The victory of Claudia Sheinbaum is historic, but feminists don’t think much will change because race is still governed by “issues that matter to men.”

Being the first woman elected president of Mexico, Claudia Sheinbaum has created history, but activists worry that her victory may be primarily symbolic given her lack of policy commitments during her campaign, particularly with the high rates of domestic violence and unequal access to abortion.

“In the women’s rights agenda, being a woman does not always equate to progressiveness,” stated Friné Salguero, director of the Simone de Beauvoir Leadership Institute, a feminist civil society organization with headquarters in Mexico City.

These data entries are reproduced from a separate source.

(* Let $G$ be a finite abelian group of order $n$, let $S\subset G^n$ be the set of bijections $\{1,\dots,n\}\to G$, and let $m\ge0$ be an integer. Let $\mathfrak{M}_m\subset\hat G^n$ be the set of all $m$-sparse $\chi$ whose nontrivial coordinates are killed by a unique partition with $m/2$ parts (so $\mathfrak M_m=\emptyset$ if $m$ is odd). Then \[ \sum_{m\text{-sparse}~\chi\notin\mathfrak{M}_m}|\widehat{1_S}(\chi)|^3 = O_m\Big(\frac1n\Big(\frac{n!}{n^n}\Big)^3\Big), \] with the implied constant depending only on $m$.
   Context: $\hat G$ is the dual group of $G$, written additively, with $0$ the trivial character. For $\chi=(\chi_1,\dots,\chi_n)\in\hat G^n$, $\widehat{1_S}(\chi)=\frac{1}{n^n}\sum_{\pi\in S}\prod_{i=1}^n\chi_i(\pi(i))$. $\chi$ is $m$-sparse if exactly $m$ of its coordinates are nontrivial. If the nontrivial coordinates of $\chi$ are $\chi_{j_1},\dots,\chi_{j_m}$ (indexed by a set $N=\{j_1,\dots,j_m\}$), a partition $\mathcal P$ of $N$ kills them if $\sum_{i\in P}\chi_i=0$ for every part $P\in\mathcal P$. *)

theory Defs
  imports "HOL-Algebra.Group" "HOL-Library.Disjoint_Sets" "HOL-Library.FuncSet" Complex_Main
begin

definition character :: "'a monoid \<Rightarrow> ('a \<Rightarrow> complex) \<Rightarrow> bool" where
  "character G chi \<longleftrightarrow>
     (\<forall>x\<in>carrier G. cmod (chi x) = 1) \<and>
     (\<forall>x\<in>carrier G. \<forall>y\<in>carrier G. chi (x \<otimes>\<^bsub>G\<^esub> y) = chi x * chi y) \<and>
     (\<forall>x. x \<notin> carrier G \<longrightarrow> chi x = 0)"

definition trivial_char :: "'a monoid \<Rightarrow> 'a \<Rightarrow> complex" where
  "trivial_char G = (\<lambda>x. if x \<in> carrier G then 1 else 0)"

definition charvecs :: "'a monoid \<Rightarrow> nat \<Rightarrow> (nat \<Rightarrow> 'a \<Rightarrow> complex) set" where
  "charvecs G n = {chi. (\<forall>i\<in>{1..n}. character G (chi i)) \<and>
                        (\<forall>i. i \<notin> {1..n} \<longrightarrow> chi i = (\<lambda>_. 0))}"

definition bijs :: "'a monoid \<Rightarrow> nat \<Rightarrow> (nat \<Rightarrow> 'a) set" where
  "bijs G n = {pi. bij_betw pi {1..n} (carrier G) \<and> pi \<in> extensional {1..n}}"

definition hat1S :: "'a monoid \<Rightarrow> nat \<Rightarrow> (nat \<Rightarrow> 'a \<Rightarrow> complex) \<Rightarrow> complex" where
  "hat1S G n chi = (1 / of_nat n ^ n) * (\<Sum>pi\<in>bijs G n. \<Prod>i\<in>{1..n}. chi i (pi i))"

definition nontriv_coords :: "'a monoid \<Rightarrow> nat \<Rightarrow> (nat \<Rightarrow> 'a \<Rightarrow> complex) \<Rightarrow> nat set" where
  "nontriv_coords G n chi = {i\<in>{1..n}. chi i \<noteq> trivial_char G}"

definition sparse :: "'a monoid \<Rightarrow> nat \<Rightarrow> nat \<Rightarrow> (nat \<Rightarrow> 'a \<Rightarrow> complex) \<Rightarrow> bool" where
  "sparse G n m chi \<longleftrightarrow> card (nontriv_coords G n chi) = m"

text \<open>A partition P of the set N of nontrivial coordinates kills chi if the sum (in the
  dual group, i.e. pointwise product) of the characters in every part is trivial.\<close>
definition kills :: "'a monoid \<Rightarrow> nat \<Rightarrow> nat set set \<Rightarrow> (nat \<Rightarrow> 'a \<Rightarrow> complex) \<Rightarrow> bool" where
  "kills G n P chi \<longleftrightarrow> partition_on (nontriv_coords G n chi) P \<and>
     (\<forall>p\<in>P. \<forall>x\<in>carrier G. (\<Prod>i\<in>p. chi i x) = 1)"

text \<open>M_m: m-sparse chi killed by a unique partition with exactly m/2 parts
  (i.e. 2 * number of parts = m; empty for odd m).\<close>
definition frakM :: "'a monoid \<Rightarrow> nat \<Rightarrow> nat \<Rightarrow> (nat \<Rightarrow> 'a \<Rightarrow> complex) set" where
  "frakM G n m = {chi \<in> charvecs G n. sparse G n m chi \<and>
                   (\<exists>!P. kills G n P chi \<and> 2 * card P = m)}"

end

theory Submission
  imports Defs
begin

text \<open>Let N be the set of m nontrivial coordinates of chi. The trivial coordinates contribute a
  factor (n - m)!, so the Fourier coefficient is (n - m)!/n^n times a sum over injections
  N \<rightarrow> G. Inclusion-exclusion on one coordinate at a time bounds that sum by m! times the sum of
  n^|P| over the partitions P of N killing chi. Using n^m (n - m)! \<le> m^m n!, the claim reduces
  to showing that the pairs (chi, P) with chi bad contribute O(n^(3m - 1)) to the sum of
  n^(3|P|). Now a partition P with |P| < m/2 leaves only n^(m - |P|) choices for chi once N
  is fixed. If |P| = m/2 then P is a perfect matching, and since chi is bad a second perfect
  matching also kills it; together they leave only n^(|P| - 1) choices. With at most n^m
  choices of N, both cases give O(n^(3m - 1)).\<close>

section \<open>Characters of a finite group\<close>

lemma character_one:
  assumes "group G" "character G chi"
  shows "chi \<one>\<^bsub>G\<^esub> = 1"
proof -
  have one: "\<one>\<^bsub>G\<^esub> \<in> carrier G"
    using assms(1) by (simp add: group.is_monoid monoid.one_closed)
  have "chi \<one>\<^bsub>G\<^esub> = chi \<one>\<^bsub>G\<^esub> * chi \<one>\<^bsub>G\<^esub>"
    using assms one unfolding character_def by (metis group.is_monoid monoid.l_one)
  moreover have "chi \<one>\<^bsub>G\<^esub> \<noteq> 0"
    using assms one unfolding character_def by force
  ultimately show ?thesis by (metis mult_cancel_left1)
qed

lemma character_mult:
  "character G chi \<Longrightarrow> character G psi \<Longrightarrow> character G (\<lambda>x. chi x * psi x)"
  unfolding character_def by (simp add: norm_mult)

lemma character_cnj: "character G chi \<Longrightarrow> character G (\<lambda>x. cnj (chi x))"
  unfolding character_def by simp

lemma character_mult_cnj_self:
  "character G chi \<Longrightarrow> x \<in> carrier G \<Longrightarrow> chi x * cnj (chi x) = 1"
  unfolding character_def by (metis complex_norm_square of_real_1 power_one)

lemma character_eqI:
  "character G chi \<Longrightarrow> character G psi \<Longrightarrow> (\<And>x. x \<in> carrier G \<Longrightarrow> chi x = psi x) \<Longrightarrow> chi = psi"
  unfolding character_def by (metis ext)

lemma character_eq_trivial_char_iff:
  "character G chi \<Longrightarrow> chi = trivial_char G \<longleftrightarrow> (\<forall>x\<in>carrier G. chi x = 1)"
  unfolding character_def trivial_char_def by (auto simp: fun_eq_iff)

lemma sum_character_eq_0:
  assumes G: "group G" "finite (carrier G)" and chi: "character G chi"
    and x0: "x0 \<in> carrier G" "chi x0 \<noteq> 1"
  shows "(\<Sum>x\<in>carrier G. chi x) = 0"
proof -
  have inj: "inj_on (\<lambda>x. x0 \<otimes>\<^bsub>G\<^esub> x) (carrier G)"
    using group.inj_on_cmult[OF G(1) x0(1)] .
  moreover have "(\<lambda>x. x0 \<otimes>\<^bsub>G\<^esub> x) ` carrier G = carrier G"
    using G x0(1) inj by (intro endo_inj_surj) (auto intro: group.is_monoid monoid.m_closed)
  ultimately have "(\<Sum>x\<in>carrier G. chi x) = (\<Sum>x\<in>carrier G. chi (x0 \<otimes>\<^bsub>G\<^esub> x))"
    using sum.reindex[OF inj, of chi] by simp
  also have "\<dots> = chi x0 * (\<Sum>x\<in>carrier G. chi x)"
    using chi x0 unfolding character_def by (simp add: sum_distrib_left)
  finally have "(1 - chi x0) * (\<Sum>x\<in>carrier G. chi x) = 0"
    by (simp add: algebra_simps)
  then show ?thesis using x0(2) by simp
qed

lemma sum_character_mult_cnj_eq_0:
  assumes G: "group G" "finite (carrier G)"
    and chi: "character G chi" and psi: "character G psi" and "chi \<noteq> psi"
  shows "(\<Sum>x\<in>carrier G. chi x * cnj (psi x)) = 0"
proof -
  obtain x0 where x0: "x0 \<in> carrier G" "chi x0 \<noteq> psi x0"
    using character_eqI[OF chi psi] \<open>chi \<noteq> psi\<close> by blast
  have "chi x0 * cnj (psi x0) \<noteq> 1"
  proof
    assume one: "chi x0 * cnj (psi x0) = 1"
    have "chi x0 = chi x0 * (psi x0 * cnj (psi x0))"
      using character_mult_cnj_self[OF psi x0(1)] by simp
    also have "\<dots> = psi x0 * (chi x0 * cnj (psi x0))"
      by (simp only: ac_simps)
    finally show False using x0(2) one by simp
  qed
  then show ?thesis
    using sum_character_eq_0[OF G character_mult[OF chi character_cnj[OF psi]] x0(1)] by blast
qed

text \<open>The characters in X are orthogonal vectors of squared length |G|, while their sum has
  value card X at the identity.\<close>
lemma card_characters_subset_le:
  assumes G: "group G" "finite (carrier G)" and X: "finite X" "\<forall>chi\<in>X. character G chi"
  shows "card X \<le> card (carrier G)"
proof -
  define s where "s x = (\<Sum>chi\<in>X. chi x)" for x
  have "of_real (\<Sum>x\<in>carrier G. cmod (s x) ^ 2) = (\<Sum>x\<in>carrier G. s x * cnj (s x))"
    by (simp add: complex_norm_square del: of_real_power)
  also have "\<dots> = (\<Sum>chi\<in>X. \<Sum>psi\<in>X. \<Sum>x\<in>carrier G. chi x * cnj (psi x))"
    unfolding s_def by (simp add: sum_product sum.swap[of _ "carrier G"])
  also have "\<dots> = (\<Sum>chi\<in>X. \<Sum>psi\<in>X. if psi = chi then of_nat (card (carrier G)) else 0)"
  proof (intro sum.cong refl)
    fix chi psi assume "chi \<in> X" "psi \<in> X"
    then show "(\<Sum>x\<in>carrier G. chi x * cnj (psi x))
        = (if psi = chi then of_nat (card (carrier G)) else 0)"
      using X sum_character_mult_cnj_eq_0[OF G] character_mult_cnj_self[of G chi] by auto
  qed
  also have "\<dots> = of_nat (card X * card (carrier G))"
    using X(1) by simp
  finally have "(\<Sum>x\<in>carrier G. cmod (s x) ^ 2) = real (card X * card (carrier G))"
    by (metis of_real_eq_iff of_real_of_nat_eq)
  moreover have "s \<one>\<^bsub>G\<^esub> = (\<Sum>chi\<in>X. 1)"
    using X character_one[OF G(1)] unfolding s_def by (intro sum.cong) auto
  then have "real (card X) ^ 2 \<le> (\<Sum>x\<in>carrier G. cmod (s x) ^ 2)"
    using member_le_sum[of "\<one>\<^bsub>G\<^esub>" "carrier G" "\<lambda>x. cmod (s x) ^ 2"] G
    by (simp add: group.is_monoid monoid.one_closed)
  ultimately have "card X * card X \<le> card X * card (carrier G)"
    by (simp add: power2_eq_square flip: of_nat_mult)
  then show ?thesis by (cases "card X = 0") auto
qed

The victory of Sheinbaum, a climate scientist and former mayor of Mexico City, against Xóchitl Gálvez, another female candidate, for the ruling Morena party highlights the high percentage of female engagement in Mexican politics. According to a list compiled by the Inter-Parliamentary Union (IPU), an independent organization that promotes democracy, women occupy half of the seats in the nation’s Congress. Rwanda, Cuba, and Nicaragua are the only three nations in the world with greater shares. However, in Mexico, a nation of 126 million people where patriarchal beliefs are still deeply ingrained, particularly in rural regions, researchers find little evidence that women in leadership roles contribute more to the advancement of women’s rights than do men.

According to political scientist Flavia Freidenberg’s research, of the over 24,000 bills that were filed in municipal congresses across the nation between 2014 and 2019, just 4,000 had provisions aimed at enhancing the lives of women. “A progressive or substantive equality agenda will not be defended even if you put women in congresses or the presidency,” according to Freidenberg, a scholar at the National Autonomous University of Mexico.

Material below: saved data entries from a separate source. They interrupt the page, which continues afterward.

lemma orthonormal_family_inner_sum:
  assumes "orthonormal_family m u" "j < m"
  shows "u j \<bullet> (\<Sum>i<m. a i *\<^sub>R u i) = a j"
proof -
  have "u j \<bullet> (\<Sum>i<m. a i *\<^sub>R u i) = (\<Sum>i<m. a i * (u j \<bullet> u i))"
    by (simp add: inner_sum_right)
  also have "\<dots> = (\<Sum>i<m. if i = j then a i else 0)"
    using assms by (intro sum.cong) (auto simp: orthonormal_family_def)
  also have "\<dots> = a j" using assms by simp
  finally show ?thesis .
qed

lemma orthonormal_family_norm_sum:
  assumes "orthonormal_family m u"
  shows "(norm (\<Sum>i<m. a i *\<^sub>R u i))\<^sup>2 = (\<Sum>i<m. (a i)\<^sup>2)"
proof -
  have "(norm (\<Sum>i<m. a i *\<^sub>R u i))\<^sup>2 = (\<Sum>j<m. a j * (u j \<bullet> (\<Sum>i<m. a i *\<^sub>R u i)))"
    by (simp add: power2_norm_eq_inner inner_sum_left)
  also have "\<dots> = (\<Sum>j<m. (a j)\<^sup>2)"
    using orthonormal_family_inner_sum[OF assms] by (simp add: power2_eq_square)
  finally show ?thesis .
qed

lemma orthonormal_family_span:
  fixes u :: "nat \<Rightarrow> real^'n"
  assumes "orthonormal_family CARD('n) u"
  shows "span (u ` {..<CARD('n)}) = UNIV"
proof -
  have uu: "u i \<bullet> u j = (if i = j then 1 else 0)" if "i < CARD('n)" "j < CARD('n)" for i j
    using assms that by (simp add: orthonormal_family_def)
  have "inj_on u {..<CARD('n)}"
    by (rule inj_onI) (metis lessThan_iff uu zero_neq_one)
  then have "dim (UNIV :: (real^'n) set) \<le> card (u ` {..<CARD('n)})"
    by (simp add: card_image)
  moreover have "independent (u ` {..<CARD('n)})"
  proof (rule pairwise_orthogonal_independent)
    show "pairwise orthogonal (u ` {..<CARD('n)})"
      by (auto simp: pairwise_def orthogonal_def uu)
    show "0 \<notin> u ` {..<CARD('n)}"
      using uu[of i i for i] by force
  qed
  ultimately show ?thesis
    using card_ge_dim_independent[of _ UNIV] by blast
qed

lemma orthonormal_family_expansion:
  fixes u :: "nat \<Rightarrow> real^'n"
  assumes "orthonormal_family CARD('n) u"
  shows "x = (\<Sum>i<CARD('n). (x \<bullet> u i) *\<^sub>R u i)"
proof -
  define y where "y = x - (\<Sum>i<CARD('n). (x \<bullet> u i) *\<^sub>R u i)"
  have orth: "orthogonal y (u j)" if "j < CARD('n)" for j
    using orthonormal_family_inner_sum[OF assms that, of "\<lambda>i. x \<bullet> u i"]
    by (simp add: y_def orthogonal_def inner_diff_left inner_diff_right inner_commute)
  have "y \<in> span (u ` {..<CARD('n)})"
    using orthonormal_family_span[OF assms] by simp
  then have "orthogonal y y"
    by (rule orthogonal_to_span) (use orth in auto)
  then have "y = 0"
    by (simp add: orthogonal_self)
  then show ?thesis by (simp add: y_def)
qed

lemma orthonormal_family_norm_expansion:
  fixes u :: "nat \<Rightarrow> real^'n"
  assumes "orthonormal_family CARD('n) u"
  shows "(norm x)\<^sup>2 = (\<Sum>i<CARD('n). (x \<bullet> u i)\<^sup>2)"
  by (subst orthonormal_family_expansion[OF assms, of x]) (rule orthonormal_family_norm_sum[OF assms])

lemma reflector_mult_vec: "reflector k u *v y = y - 2 *\<^sub>R (\<Sum>i<k. (u i \<bullet> y) *\<^sub>R u i)"
  by (simp add: reflector_def matrix_vector_mult_diff_rdistrib sum_matrix_vector_mult outer_mult_vec
       scaleR_matrix_vector_assoc[symmetric])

Nonetheless, experts on women’s rights stated that the results of Sunday’s election demonstrate the achievements of the feminist movement since Mexican women were first granted the right to vote in 1955.

However, they claimed that neither Sheinbaum nor Gálvez had included gender issues in their policy agendas, for instance, when discussing how they intended to handle the effects of climate change and violence associated to cartels. “Neither candidate expressed an opinion on the rights of trans women. Lesbian women, Indigenous women, and disabled women were not discussed by either, according to Ericka López Sánchez, a gender and democracy professor at Guanajuato University.

She stated, “Their agendas focused on the issues that matter to men,” adding that they had sidestepped the delicate subject of access to abortion.